Regardless of cinematic vehicles, Danish directors seem to be naturally proficient at taking on deep and disturbing morality issues (for instance, the excellent Adams æbler, featured in the last TIFF) with almost a surgical detachment. The Anatomy of Evil is a typical example of this kind of cinematography. In his quest for the reasons behind homicidal violence, director Ove Nyholm studies photographs and historical footage for clues and interviews, not to put it lightly, several mass murderers responsible for attrocities during the Bosnian war and in Eastern Europe during WW2. Despite (or, rather, because of) it’s lack of a sentimental overtone, the film manages to convey a lingering feeling of abhorrence for the life-changing virus that is violence and the eager darkness lurking in everyone’s psyche.
Favela Rising was just the thing to bring a potent melange of images and sounds to a close. The film opens with gritty, shaky imagery from the favelas (choppers flying overhead, juveniles looking mean and cocking handguns), accompanied by a suspenseful soundtrack, in a cinematic style reminiscent of early Michael Mann (Miami Vice) and Tony Scott’s recent Man on Fire.

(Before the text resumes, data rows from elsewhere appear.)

lemma DM_le_Rep_dm: "Rep_dm x \<sqsubseteq>\<^bsub>DM\<^esub> Rep_dm y \<longleftrightarrow> x \<le> y"
  by (simp add: DM_def less_eq_dm_def)

lemma DM_least_Upper:
  assumes "A \<subseteq> DM_set"
  shows "least DM (Lb (Ub (\<Union>A))) (Upper DM A)"
proof -
  have "Lb (Ub (\<Union>A)) \<subseteq> X" if "X \<in> Upper DM A" for X
    using assms that by (intro Lb_Ub_least) (auto simp: Upper_def DM_def)
  then show ?thesis
    using assms subset_Lb_Ub[of "\<Union>A"] Lb_in_DM_set[of "Ub (\<Union>A)"]
    by (auto simp: least_def Upper_def DM_def)
qed

lemma DM_greatest_Lower:
  assumes "A \<subseteq> DM_set"
  shows "greatest DM (\<Inter>A) (Lower DM A)"
  using assms Inter_in_DM_set[OF assms] by (auto simp: greatest_def Lower_def DM_def)

lemma complete_lattice_DM: "complete_lattice DM"
  using DM_least_Upper DM_greatest_Lower
  by (intro partial_order.complete_latticeI[OF partial_order_DM]) (auto simp: DM_def)

lemma bounded_lattice_DM: "bounded_lattice DM"
proof -
  interpret complete_lattice DM
    by (rule complete_lattice_DM)
  show ?thesis
    by (simp add: bounded_lattice_def weak_partial_order_bottom_def weak_partial_order_top_def
        weak_partial_order_bottom_axioms_def weak_partial_order_top_axioms_def
        complete_lattice_lattice[OF complete_lattice_DM] weak_partial_order_axioms
        bottom_exists top_exists)
qed

lemma DM_join_Rep_dm: "Rep_dm x \<squnion>\<^bsub>DM\<^esub> Rep_dm y = Rep_dm (sup x y)"
proof -
  interpret complete_lattice DM
    by (rule complete_lattice_DM)
  have lub: "least DM (Rep_dm (sup x y)) (Upper DM {Rep_dm x, Rep_dm y})"
    using DM_least_Upper[of "{Rep_dm x, Rep_dm y}"] Rep_dm[of x] Rep_dm[of y]
    by (simp add: Rep_dm_sup)
  show ?thesis
  proof (rule joinI[where P = "\<lambda>l. l = Rep_dm (sup x y)"])
    show "l = Rep_dm (sup x y)" if "least DM l (Upper DM {Rep_dm x, Rep_dm y})" for l
      using least_unique[OF that lub] .
  qed (simp_all add: carrier_DM)
qed

lemma DM_meet_Rep_dm: "Rep_dm x \<sqinter>\<^bsub>DM\<^esub> Rep_dm y = Rep_dm (inf x y)"
proof -
  interpret complete_lattice DM
    by (rule complete_lattice_DM)
  have glb: "greatest DM (Rep_dm (inf x y)) (Lower DM {Rep_dm x, Rep_dm y})"
    using DM_greatest_Lower[of "{Rep_dm x, Rep_dm y}"] Rep_dm[of x] Rep_dm[of y]
    by (simp add: Rep_dm_inf)
  show ?thesis
  proof (rule meetI[where P = "\<lambda>l. l = Rep_dm (inf x y)"])
    show "l = Rep_dm (inf x y)" if "greatest DM l (Lower DM {Rep_dm x, Rep_dm y})" for l
      using greatest_unique[OF that glb] .
  qed (simp_all add: carrier_DM)
qed

lemma DM_top_eq: "\<top>\<^bsub>DM\<^esub> = Rep_dm Orderings.top"
proof -
  interpret complete_lattice DM
    by (rule complete_lattice_DM)
  have "greatest DM (Rep_dm Orderings.top) (carrier DM)"
    by (auto simp: greatest_def carrier_DM DM_le_Rep_dm)
  then show ?thesis
    using top_greatest greatest_unique by blast
qed

lemma DM_bottom_eq: "\<bottom>\<^bsub>DM\<^esub> = Rep_dm bot"
proof -
  interpret complete_lattice DM
    by (rule complete_lattice_DM)
  have "least DM (Rep_dm bot) (carrier DM)"
    by (auto simp: least_def carrier_DM DM_le_Rep_dm)
  then show ?thesis
    using bottom_least least_unique by blast
qed

lemma DM_comp_Rep_dm: "DM_comp c (Rep_dm x) = Rep_dm (dm_orth c x)"
  by (simp add: DM_comp_def Rep_dm_orth)

lemma ball_carrier_DM: "(\<forall>X\<in>carrier DM. P X) \<longleftrightarrow> (\<forall>x. P (Rep_dm x))"
  by (simp add: carrier_DM)

lemma Rep_dm_in_carrier_DM: "Rep_dm x \<in> carrier DM"
  by (simp add: carrier_DM)

lemmas DM_Rep_dm_simps =
  ball_carrier_DM Rep_dm_in_carrier_DM DM_join_Rep_dm DM_meet_Rep_dm DM_top_eq DM_bottom_eq
  DM_le_Rep_dm DM_comp_Rep_dm

lemma lattice_with_complementation_DM:
  fixes c :: "'a::{order_bot,order_top} \<Rightarrow> 'a"
  assumes "poset_with_complementation c"
  shows "lattice_with_complementation DM (DM_comp c)"
proof -
  interpret dm: ortholattice "dm_orth c"
    by (rule ortholattice_dm_orth[OF assms])
  show ?thesis
    unfolding lattice_with_complementation_def
    by (simp add: bounded_lattice_DM DM_Rep_dm_simps Rep_dm_inject dm.orth_antimono)
qed

lemma orthomodular_lattice_DM:
  fixes c :: "'a::{order_bot,order_top} \<Rightarrow> 'a"
  assumes "poset_with_complementation c" and "finite (UNIV :: 'a set)" and "pseudo_orthomodular c"
  shows "orthomodular_lattice DM (DM_comp c)"
proof -
  interpret dm: ortholattice "dm_orth c"
    by (rule ortholattice_dm_orth[OF assms(1)])
  show ?thesis
    unfolding orthomodular_lattice_def
    using lattice_with_complementation_DM[OF assms(1)] orthomodular_at_dm[OF assms]
    by (simp add: DM_Rep_dm_simps Rep_dm_inject flip: dm.orthomodular_law)
qed

lemma left_residuated_DM:
  fixes c :: "'a::{order_bot,order_top} \<Rightarrow> 'a"
  assumes "poset_with_complementation c" and "finite (UNIV :: 'a set)" and "pseudo_orthomodular c"
  shows "left_residuated DM (DM_odot c) (DM_arrow c)"
proof -
  interpret dm: ortholattice "dm_orth c"
    by (rule ortholattice_dm_orth[OF assms(1)])
  show ?thesis
    unfolding left_residuated_def DM_odot_def DM_arrow_def
    using orthomodular_at_dm[OF assms]
    by (simp add: complete_lattice_lattice[OF complete_lattice_DM] DM_Rep_dm_simps Rep_dm_inject
        dm.residuation)
qed

theorem corollary4:
  fixes c :: "'a::{finite,order_bot,order_top} \<Rightarrow> 'a"
  assumes "poset_with_complementation c"
    and "pseudo_orthomodular c"
  shows "complete_lattice (DM :: 'a set gorder)
    \<and> orthomodular_lattice (DM :: 'a set gorder) (DM_comp c)
    \<and> left_residuated (DM :: 'a set gorder) (DM_odot c) (DM_arrow c)"
  using complete_lattice_DM orthomodular_lattice_DM[OF assms(1) finite_UNIV assms(2)]
    left_residuated_DM[OF assms(1) finite_UNIV assms(2)]
  by blast

end
(* For all integers $n\ge1$, $k\ge1$ and every sequence $\boldsymbol a$ of positive reals, with $\alpha_n(j;t)=A_n(j)\big(t^j-(t-1)^j\big)$, \[ \theta_{n;k}(t)=\frac1{k!}\det\begin{pmatrix} \alpha_n(1;t)&-1&0&\cdots&0\\ \alpha_n(2;t)&\alpha_n(1;t)&-2&\cdots&0\\ \vdots&\vdots&\vdots&\ddots&\vdots\\ \alpha_n(k-1;t)&\alpha_n(k-2;t)&\alpha_n(k-3;t)&\cdots&-(k-1)\\ \alpha_n(k;t)&\alpha_n(k-1;t)&\alpha_n(k-2;t)&\cdots&\alpha_n(1;t) \end{pmatrix}, \] i.e. the $k\times k$ matrix with entries $M_{i,j}=\alpha_n(i-j+1;t)$ for $j\le i$, $M_{i,i+1}=-i$, and $M_{i,j}=0$ for $j\ge i+2$.
   Context: Let $\boldsymbol a=(a_j)_{j\ge1}$ be a sequence of positive reals. For integers $n\ge1$, $k\ge0$ let $\mathcal M_{n,k}=\{(\ell_1,\dots,\ell_k)\in\mathbb N^k: n\ge\ell_1\ge\cdots\ge\ell_k\ge1\}$. For $\vec\ell\in\mathcal M_{n,k}$ let $\sigma(\vec\ell)=|\{1\le j\le k-1:\ell_j=\ell_{j+1}\}|$ and $w(\vec\ell)=\prod_{j=1}^k a_{\ell_j}$. Define $\theta_{n;k}(t)=\sum_{\vec\ell\in\mathcal M_{n,k}}w(\vec\ell)\,t^{\sigma(\vec\ell)}$, and $A_n(j)=\sum_{m=1}^n a_m^j$. *)

theory Defs
  imports Complex_Main "Jordan_Normal_Form.Determinant"
begin

text \<open>Weakly decreasing sequences n \<ge> l_1 \<ge> ... \<ge> l_k \<ge> 1, represented as lists of
  length k (list index i corresponds to l_(i+1)).\<close>
definition Mset :: "nat \<Rightarrow> nat \<Rightarrow> nat list set" where
  "Mset n k = {l. length l = k \<and> (\<forall>i<k. 1 \<le> l ! i \<and> l ! i \<le> n)
                  \<and> (\<forall>i. Suc i < k \<longrightarrow> l ! Suc i \<le> l ! i)}"

definition sigma :: "nat list \<Rightarrow> nat" where
  "sigma l = card {j. Suc j < length l \<and> l ! j = l ! Suc j}"

definition weight :: "(nat \<Rightarrow> real) \<Rightarrow> nat list \<Rightarrow> real" where
  "weight a l = prod_list (map a l)"

definition theta :: "(nat \<Rightarrow> real) \<Rightarrow> nat \<Rightarrow> nat \<Rightarrow> real \<Rightarrow> real" where
  "theta a n k t = (\<Sum>l\<in>Mset n k. weight a l * t ^ sigma l)"

definition Apow :: "(nat \<Rightarrow> real) \<Rightarrow> nat \<Rightarrow> nat \<Rightarrow> real" where
  "Apow a n j = (\<Sum>m=1..n. a m ^ j)"

definition alpha :: "(nat \<Rightarrow> real) \<Rightarrow> nat \<Rightarrow> nat \<Rightarrow> real \<Rightarrow> real" where
  "alpha a n j t = Apow a n j * (t ^ j - (t - 1) ^ j)"

text \<open>The k x k matrix, 0-based: entry (i,j) is M_{i+1,j+1} of the paper.\<close>
definition thetaMat :: "(nat \<Rightarrow> real) \<Rightarrow> nat \<Rightarrow> nat \<Rightarrow> real \<Rightarrow> real mat" where
  "thetaMat a n k t = mat k k (\<lambda>(i, j).
      if j \<le> i then alpha a n (i - j + 1) t
      else if j = i + 1 then - real (i + 1)
      else 0)"

end

theory Submission
  imports Defs "HOL-Computational_Algebra.Formal_Power_Series"
begin

text \<open>
  Splitting a weakly decreasing word into blocks of equal letters shows that the generating
  function \<open>\<Theta>(x) = \<Sum>k. \<theta>_{n;k}(t) x^k\<close> is the product over \<open>m \<le> n\<close> of the block series
  \<open>F_m(x) = 1 + \<Sum>j\<ge>1. a_m^j t^(j-1) x^j\<close>: a block of \<open>j\<close> copies of \<open>m\<close> has weight \<open>a_m^j\<close>
  and contributes \<open>j - 1\<close> to \<open>\<sigma>\<close>. Each block series satisfies
  \<open>x F_m' = F_m \<Sum>j. a_m^j (t^j - (t-1)^j) x^j\<close>, hence \<open>x \<Theta>' = \<Theta> \<Sum>j. \<alpha>_n(j;t) x^j\<close>, which are
  Newton's identities \<open>k \<theta>_k = \<Sum>i<k. \<theta>_i \<alpha>(k - i)\<close>. They say that the matrix of the theorem
  maps \<open>(\<theta>_0, \<dots>, \<theta>_{k-1})\<close> to \<open>(0, \<dots>, 0, k \<theta>_k)\<close>; Cramer's rule for the entry \<open>\<theta>_0 = 1\<close>
  then gives the determinant, the relevant minor being triangular with determinant \<open>\<plusminus>(k-1)!\<close>.
\<close>

lemma sigma_Nil [simp]: "sigma [] = 0"
  and sigma_single [simp]: "sigma [x] = 0"
  by (simp_all add: sigma_def)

The story of Anderson Sa, a drug dealer turned musician and ghetto reformer by an act of random violence could easily fuel a gangsta-themed true story feature film, like classics Boyz ‘n the Hood and Colors and the recent Oscar-winning Tsotsi, but the film-makers opted instead to go with the documentary format and excellent production values. It’s a choice that works, because the story is so powerful that it would only be ruined by any creative “enhancements”; and because, nothing short of Tsotsi-style casting could replicate the impact that the principals of this tale have on-screen. The gist of the movie is that Sa’s AfroReggae movement has managed to save over 2.000 youngsters from a life of crime by turning them to music, righteous brother style. Appropriately, the movie is a also celebration of AfroReggae’s brash and explosive music style. Where the -altogether excellent- Tsotsi, is, after all, another tearjerker about impoverished youth and random hope, Favela Rising actually provides a practical plan to reduce the criminality rampant in ghettos: helping to introduce teenagers to education, culture and art through continuous community involvement. No reason why this wouldn’t work in any of the other shantytowns around the world that collectively house more than a billion people. I guess that is what veteran film-maker Peter Wintonick means when he says that documentaries offer hope to counterbalance the gloom generated by the media.